Approximately 12,000 Portuguese troops died during the course of World War I, including Africans who served in its armed forces on the colonial front. Civilian deaths in Portugal exceeded 220,000: 82,000 caused by food shortages and 138,000 by the Spanish flu.

1914

 July: The German and British Empires enter into secret negotiations over a possible dismemberment of Portuguese Angola; in such a case, most of the land would fall into the hands of the Germans. An Angola-Bund ("Angola League" to promote a German takeover) had been founded in 1912.
 August to September: Skirmishes occur between German and Portuguese colonial troops in Africa and the Germans instigate tribal revolts.
 Maziua raid (24 August): A small German force attacked a Portuguese outpost at Maziua in Mozambique, resulting in the first Portuguese casualties of World War I. The German central government accepted full responsibility, and offered an official apology.
 September: The Portuguese government sends reinforcements to the southern border of Angola.
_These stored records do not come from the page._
lemma stiefel_mult_cancel:
  assumes "X \<in> stiefel"
  shows "transpose X ** X ** C = C" "D ** transpose X ** X = D"
  using assms by (simp_all add: stiefel_def flip: matrix_mul_assoc)

lemma linear_Pperp: "linear (Pperp X)"
  unfolding Pperp_def by (auto intro!: linearI simp: matrix_algebra_simps algebra_simps)

lemma linear_fmap: "linear (fmap z)"
  unfolding fmap_def by (auto intro!: linearI simp: matrix_algebra_simps algebra_simps)

lemma fmap_add_left: "fmap (a + b) U = fmap a U + fmap b U"
  unfolding fmap_def by (simp add: matrix_add_ldistrib matrix_add_rdistrib algebra_simps)

lemma Pperp_self_adjoint: "Pperp X U \<bullet> W = U \<bullet> Pperp X W"
proof -
  have "(X ** (transpose X ** U)) \<bullet> W = U \<bullet> (X ** (transpose X ** W))"
    using inner_matrix_mult_left[of X "transpose X ** U" W] inner_matrix_mult_left[of X "transpose X ** W" U]
    by (simp add: inner_commute)
  moreover have "(X ** (transpose U ** X)) \<bullet> W = U \<bullet> (X ** (transpose W ** X))"
  proof -
    have "(X ** (transpose U ** X)) \<bullet> W = transpose (transpose U ** X) \<bullet> transpose (transpose X ** W)"
      by (simp add: inner_matrix_mult_left inner_transpose)
    also have "\<dots> = U \<bullet> (X ** (transpose W ** X))"
      using inner_matrix_mult_left[of "transpose X" U "transpose W ** X"]
      by (simp add: matrix_transpose_mul)
    finally show ?thesis .
  qed
  ultimately show ?thesis
    unfolding Pperp_def by (simp add: matrix_add_ldistrib inner_add_left inner_add_right)
qed

lemma Pperp_tangent_sp: "W \<in> tangent_sp X \<Longrightarrow> Pperp X W = 0"
  unfolding tangent_sp_def Pperp_def by simp

lemma Pperp_in_normal_sp: "Pperp X U \<in> normal_sp X"
  unfolding normal_sp_def by (auto simp: Pperp_self_adjoint Pperp_tangent_sp)

lemma subspace_normal_sp: "subspace (normal_sp X)"
  unfolding normal_sp_def subspace_def by (auto simp: inner_add_left)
After the war breaks out, the border between German South-West Africa and Angola remains open. The Germans hope to supply food and possibly even arms through it. However, the Portuguese colonial government is hostile and tries to stop all of the trade. A few German nationals in Angola are interned.
 October: 1600 troops arrive in Portuguese Angola and 1527 troops arrive in Portuguese Mozambique from Portugal, transported by British ships.

1915
 November: 1527 troops arrive in Mozambique, commanded by Moura Mendes. The second force is tasked to recapture the Kionga Triangle from the Germans.

1916
When Portugal complies with the British request to confiscate the German ships interned in Portuguese ports, Germany reacts by declaring war on Portugal, thus forcing the Portuguese officially into the war.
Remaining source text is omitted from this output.